RECORDS SHOWN:
• • • • • • •

lemma strong_to_id_oproj_lspan:
  assumes B: "\<And>k. finite (B k)" "\<And>k. B k \<subseteq> l2"
    and approx: "\<And>j e. e > 0 \<Longrightarrow>
      \<forall>\<^sub>F k in sequentially. \<exists>h\<in>lspan (B k). l2norm (vdiff h (unit_seq j)) < e"
  shows "strong_to_id (\<lambda>k. oproj (lspan (B k)))"
  unfolding strong_to_id_def
proof (intro ballI tendstoI)
  fix y :: seq and r :: real
  assume y: "y \<in> l2" and r: "0 < r"
  obtain N where N: "l2norm (vdiff y (vsum {..<N} y unit_seq)) < r / 2"
    using l2_tail_small[OF y, of "r / 2"] r by auto
  define S where "S = (\<Sum>j<N. cmod (y j))"
  define \<eta> where "\<eta> = r / (2 * (S + 1))"
  have S: "0 \<le> S"
    by (simp add: S_def sum_nonneg)
  have \<eta>: "\<eta> > 0" "\<eta> * S < r / 2"
    using r S by (simp_all add: \<eta>_def field_simps)
  have "\<forall>\<^sub>F k in sequentially. \<forall>j\<in>{..<N}. \<exists>h\<in>lspan (B k). l2norm (vdiff h (unit_seq j)) < \<eta>"
    using approx \<eta>(1) by (intro eventually_ball_finite) auto
  then show "\<forall>\<^sub>F k in sequentially. dist (l2norm (vdiff (oproj (lspan (B k)) y) y)) 0 < r"
  proof (rule eventually_mono)
    fix k
    assume "\<forall>j\<in>{..<N}. \<exists>h\<in>lspan (B k). l2norm (vdiff h (unit_seq j)) < \<eta>"
    then obtain hs where hs: "\<And>j. j < N \<Longrightarrow> hs j \<in> lspan (B k)"
      "\<And>j. j < N \<Longrightarrow> l2norm (vdiff (hs j) (unit_seq j)) < \<eta>"
      by (metis lessThan_iff)
    have V: "is_subspace (lspan (B k))"
      using B by (rule is_subspace_lspan)
    have hs_l2: "hs j \<in> l2" if "j < N" for j
      using hs(1)[OF that] is_subspace_subset_l2[OF V] by auto
    define h where "h = vsum {..<N} y hs"
    have h: "h \<in> lspan (B k)" "h \<in> l2"
      unfolding h_def using V hs(1) hs_l2 by (auto intro: vsum_in_subspace vsum_in_l2)
    have "l2norm (vdiff (vsum {..<N} y unit_seq) h) \<le> \<eta> * S"
      unfolding h_def S_def using hs_l2 hs(2) by (intro vsum_unit_seq_approx) (auto intro: less_imp_le)
    then have "l2norm (vdiff y h) < r"
      using l2norm_vdiff_triangle[OF y _ h(2), of "vsum {..<N} y unit_seq"] N \<eta>(2)
      by (simp add: vsum_in_l2 image_subset_iff)
    moreover have "l2norm (vdiff y (oproj (lspan (B k)) y)) \<le> l2norm (vdiff y h)"
      using V y is_orth_proj_oproj_lspan[OF B y] h(1) by (rule is_orth_proj_best_approx)
    moreover have "oproj (lspan (B k)) y \<in> l2"
      using is_orth_proj_oproj_lspan[OF B y] is_subspace_subset_l2[OF V] by (auto simp: is_orth_proj_def)
    ultimately show "dist (l2norm (vdiff (oproj (lspan (B k)) y) y)) 0 < r"
      using y by (simp add: l2norm_vdiff_commute l2norm_nonneg)
  qed
qed
(* Let $(\tau,\ell)$ have law $\rho_0$ and let $\Delta_0=\max\{\ell(v):v\in\tau\}$. Then, as $m\to\infty$, $$\mathbb P(\Delta_0\ge m)\sim\frac{2}{m^2},$$ meaning that the ratio of the two sides tends to 1.
   Context: $\rho_0$ is the law of a Galton–Watson plane tree with offspring law $P(k)=2^{-k-1}$, $k\ge0$, in which the root has label 0 and every other vertex gets its parent's label plus an independent uniform element of $\{-1,0,1\}$. *)

theory Defs
  imports "HOL-Analysis.Analysis" "HOL-Library.Landau_Symbols"
begin

text \<open>Finite labelled plane trees. A vertex is given by the ordered list of its
children; each child carries the label increment (child label minus parent label).
The root has label 0.\<close>
datatype ltree = LT "(int \<times> ltree) list"

fun valid :: "ltree \<Rightarrow> bool" where
  "valid (LT cs) = (\<forall>dc\<in>set cs. fst dc \<in> {-1, 0, 1} \<and> valid (snd dc))"

text \<open>Probability of a given finite labelled plane tree under rho_0:
each vertex with k children contributes 2^(-k-1) (offspring law) and each
child's increment contributes 1/3 (uniform on {-1,0,1}).\<close>
fun weight :: "ltree \<Rightarrow> real" where
  "weight (LT cs) = (1/2) ^ (length cs + 1) * (1/3) ^ length cs
      * prod_list (map (\<lambda>dc. weight (snd dc)) cs)"

fun maxlab :: "ltree \<Rightarrow> int" where
  "maxlab (LT cs) = Max (insert 0 (set (map (\<lambda>dc. fst dc + maxlab (snd dc)) cs)))"

text \<open>P(Delta_0 \<ge> m) under rho_0 (the critical GW tree is a.s. finite, so its
law is the discrete distribution given by weight on admissible finite trees).\<close>
definition prob_max_ge :: "int \<Rightarrow> real" where
  "prob_max_ge m = infsum weight {t. valid t \<and> maxlab t \<ge> m}"

end

theory Submission
  imports Defs "HOL-Real_Asymp.Real_Asymp"
begin

text \<open>
  In fact \<open>P(\<Delta>\<^sub>0 \<ge> m) = q m\<close> with \<open>q m = 2 / ((m + 1) * (m + 2))\<close> for every \<open>m \<ge> 0\<close>.
  Conditioning on the root, \<open>p m = P(\<Delta>\<^sub>0 < m)\<close> satisfies \<open>p 0 = 0\<close> and
  \<open>p m = \<phi> ((p (m - 1) + p m + p (m + 1)) / 3)\<close> for \<open>m \<ge> 1\<close>, where \<open>\<phi> s = 1 / (2 - s)\<close> is the
  generating function of the offspring law. For \<open>q = 1 - p\<close> this reads \<open>q m = a / (1 + a)\<close> with
  \<open>a\<close> the average of \<open>q\<close> over \<open>m - 1, m, m + 1\<close>, which the explicit \<open>q\<close> satisfies.
  To avoid measure theory, the trees are exhausted by the finite sets of trees of height \<open>< n\<close>
  and out-degree \<open>\<le> n\<close>. Induction on \<open>n\<close> along the recursion shows that within such a set the
  mass of trees with maximal label \<open>< m\<close> is at most \<open>1 - q m\<close>, the mass of those with maximal
  label \<open>\<ge> m\<close> is at most \<open>q m\<close>, and the total mass is at least \<open>n / (n + 2)\<close>. Hence the total
  mass is 1, which forces both bounds to be equalities in the limit.
\<close>

text \<open>The generating function \<open>1 / (2 - s)\<close> of the offspring law, truncated at degree \<open>N\<close>.\<close>

definition geom_pgf_trunc :: "nat \<Rightarrow> real \<Rightarrow> real" where
  "geom_pgf_trunc N s = (\<Sum>k\<le>N. s ^ k / 2 ^ Suc k)"

lemma geom_pgf_trunc_closed_form:
  assumes "s \<noteq> 2"
  shows "geom_pgf_trunc N s = (1 - (s / 2) ^ Suc N) / (2 - s)"
proof -
  have "geom_pgf_trunc N s = (\<Sum>k\<le>N. (s / 2) ^ k) / 2"
    by (simp add: geom_pgf_trunc_def sum_divide_distrib power_divide mult.commute)
  also have "\<dots> = (1 - (s / 2) ^ Suc N) / (2 - s)"
    using assms by (subst sum_gp0) (auto simp: field_simps)
  finally show ?thesis .
qed

lemma geom_pgf_trunc_mono: "0 \<le> s \<Longrightarrow> s \<le> s' \<Longrightarrow> geom_pgf_trunc N s \<le> geom_pgf_trunc N s'"
  unfolding geom_pgf_trunc_def by (intro sum_mono divide_right_mono power_mono) auto

lemma geom_pgf_trunc_le:
  assumes "0 \<le> s" "s < 2"
  shows "geom_pgf_trunc N s \<le> 1 / (2 - s)"
  using assms by (simp add: geom_pgf_trunc_closed_form divide_right_mono)

lemma geom_pgf_trunc_diff_le:
  assumes "0 \<le> y" "y \<le> x" "x \<le> 1"
  shows "geom_pgf_trunc N x - geom_pgf_trunc N y \<le> (x - y) / (1 + (x - y))"
proof -
  have "(y / 2) ^ Suc N / (2 - y) \<le> (x / 2) ^ Suc N / (2 - x)"
    using assms by (intro frac_le power_mono) auto
  then have "geom_pgf_trunc N x - geom_pgf_trunc N y \<le> 1 / (2 - x) - 1 / (2 - y)"
    using assms by (simp add: geom_pgf_trunc_closed_form diff_divide_distrib)
  also have "\<dots> = (x - y) / ((2 - x) * (2 - y))"
    using assms by (simp add: field_simps)
  also have "\<dots> \<le> (x - y) / (1 + (x - y))"
  proof (rule divide_left_mono)
    \<comment> \<open>\<open>(2 - x) * (2 - y) - (1 + (x - y)) = (1 - x) * (3 - y)\<close>\<close>
    have "0 \<le> (1 - x) * (3 - y)" using assms by simp
    then show "1 + (x - y) \<le> (2 - x) * (2 - y)" by (simp add: algebra_simps)
  qed (use assms in auto)
  finally show ?thesis .
qed

lemma sum_prod_list_lists_length:
  fixes f :: "'a \<Rightarrow> 'b::comm_semiring_1"
  assumes "finite A"
  shows "(\<Sum>xs | set xs \<subseteq> A \<and> length xs = n. prod_list (map f xs)) = sum f A ^ n"
proof (induction n)
  case 0
  have "{xs. set xs \<subseteq> A \<and> length xs = 0} = {[]}" by auto
  then show ?case by simp
next
  case (Suc n)
  let ?L = "{xs. set xs \<subseteq> A \<and> length xs = n}"
  have "(\<Sum>xs | set xs \<subseteq> A \<and> length xs = Suc n. prod_list (map f xs))
      = (\<Sum>(xs, x)\<in>?L \<times> A. f x * prod_list (map f xs))"
    unfolding lists_length_Suc_eq by (subst sum.reindex) (auto simp: inj_split_Cons case_prod_beta)
  also have "\<dots> = (\<Sum>xs\<in>?L. prod_list (map f xs)) * sum f A"
    by (simp add: sum.cartesian_product[symmetric] sum_product sum.swap[of _ A] mult.commute)
  finally show ?case using Suc by (simp add: mult.commute)
qed

lemma weight_nonneg: "weight t \<ge> 0"
  by (induction t rule: weight.induct) (auto intro!: mult_nonneg_nonneg prod_list_nonneg)

lemma maxlab_nonneg: "maxlab t \<ge> 0"
  by (cases t) auto

lemma sum_weight_LT_lists:
  assumes "finite C"
  shows "(\<Sum>t\<in>LT ` {cs. set cs \<subseteq> C \<and> length cs \<le> N}. weight t)
       = geom_pgf_trunc N ((\<Sum>c\<in>C. weight (snd c)) / 3)"
proof -
  let ?L = "\<lambda>k. {cs. set cs \<subseteq> C \<and> length cs = k}"
  have lists_le: "{cs. set cs \<subseteq> C \<and> length cs \<le> N} = (\<Union>k\<le>N. ?L k)" by auto
  have "(\<Sum>t\<in>LT ` {cs. set cs \<subseteq> C \<and> length cs \<le> N}. weight t)
      = (\<Sum>k\<le>N. \<Sum>cs\<in>?L k. weight (LT cs))"
    unfolding lists_le
    by (subst sum.reindex, simp add: inj_on_def, unfold comp_def, rule sum.UNION_disjoint)
       (auto simp: assms finite_lists_length_eq)
  also have "\<dots> = (\<Sum>k\<le>N. (1 / 2) ^ Suc k * (1 / 3) ^ k * (\<Sum>cs\<in>?L k. prod_list (map (\<lambda>c. weight (snd c)) cs)))"
    by (simp add: sum_distrib_left)
  also have "\<dots> = geom_pgf_trunc N ((\<Sum>c\<in>C. weight (snd c)) / 3)"
    unfolding sum_prod_list_lists_length[OF assms] geom_pgf_trunc_def
    by (simp add: power_divide power_one_over mult_ac)
  finally show ?thesis .
qed

fun trunc_trees :: "nat \<Rightarrow> ltree set" where
  "trunc_trees 0 = {}"
| "trunc_trees (Suc n) = LT ` {cs. set cs \<subseteq> {-1, 0, 1} \<times> trunc_trees n \<and> length cs \<le> Suc n}"

lemma finite_trunc_trees: "finite (trunc_trees n)"
  by (induction n) (auto intro!: finite_lists_length_le)

lemma valid_of_trunc_trees: "t \<in> trunc_trees n \<Longrightarrow> valid t"
  by (induction n arbitrary: t) fastforce+

lemma trunc_trees_mono: "n \<le> k \<Longrightarrow> trunc_trees n \<subseteq> trunc_trees k"
proof (induction n arbitrary: k)
  case (Suc n)
  then obtain k' where "k = Suc k'" "n \<le> k'" by (cases k) auto
  with Suc.IH show ?case by fastforce
qed simp

lemma valid_in_trunc_trees: "valid t \<Longrightarrow> \<exists>n. t \<in> trunc_trees n"
proof (induction t rule: valid.induct)
  case (1 cs)
  have "\<forall>c\<in>set cs. \<exists>n. snd c \<in> trunc_trees n" using 1 by auto
  then obtain N where N: "\<And>c. c \<in> set cs \<Longrightarrow> snd c \<in> trunc_trees (N c)" by metis
  define n where "n = length cs + (\<Sum>c\<in>set cs. N c)"
  have "snd c \<in> trunc_trees n" if "c \<in> set cs" for c
  proof -
    have "N c \<le> n" using that unfolding n_def by (simp add: member_le_sum trans_le_add2)
    then show ?thesis using N[OF that] trunc_trees_mono by blast
  qed
  with "1.prems" have "set cs \<subseteq> {-1, 0, 1} \<times> trunc_trees n" by fastforce
  moreover have "length cs \<le> Suc n" by (simp add: n_def)
  ultimately have "LT cs \<in> trunc_trees (Suc n)" by simp
  then show ?case by blast
qed

lemma finite_valid_subset_trunc_trees:
  "finite F \<Longrightarrow> F \<subseteq> {t. valid t} \<Longrightarrow> \<exists>n. F \<subseteq> trunc_trees n"
proof (induction F rule: finite_induct)
  case (insert t F)
  then obtain n k where "F \<subseteq> trunc_trees n" "t \<in> trunc_trees k"
    using valid_in_trunc_trees by (metis insert_subset mem_Collect_eq)
  then have "insert t F \<subseteq> trunc_trees (n + k)"
    using trunc_trees_mono[of n "n + k"] trunc_trees_mono[of k "n + k"] by auto
  then show ?case by blast
qed simp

• • • • • • •

In the material above, transcribe exactly the lines beginning at the one with "each vertex with" and ending at the one with "(1/3) ^ length cs", both included.

SOLUTION FOR THIS EXERCISE:
each vertex with k children contributes 2^(-k-1) (offspring law) and each
child's increment contributes 1/3 (uniform on {-1,0,1}).\<close>
fun weight :: "ltree \<Rightarrow> real" where
  "weight (LT cs) = (1/2) ^ (length cs + 1) * (1/3) ^ length cs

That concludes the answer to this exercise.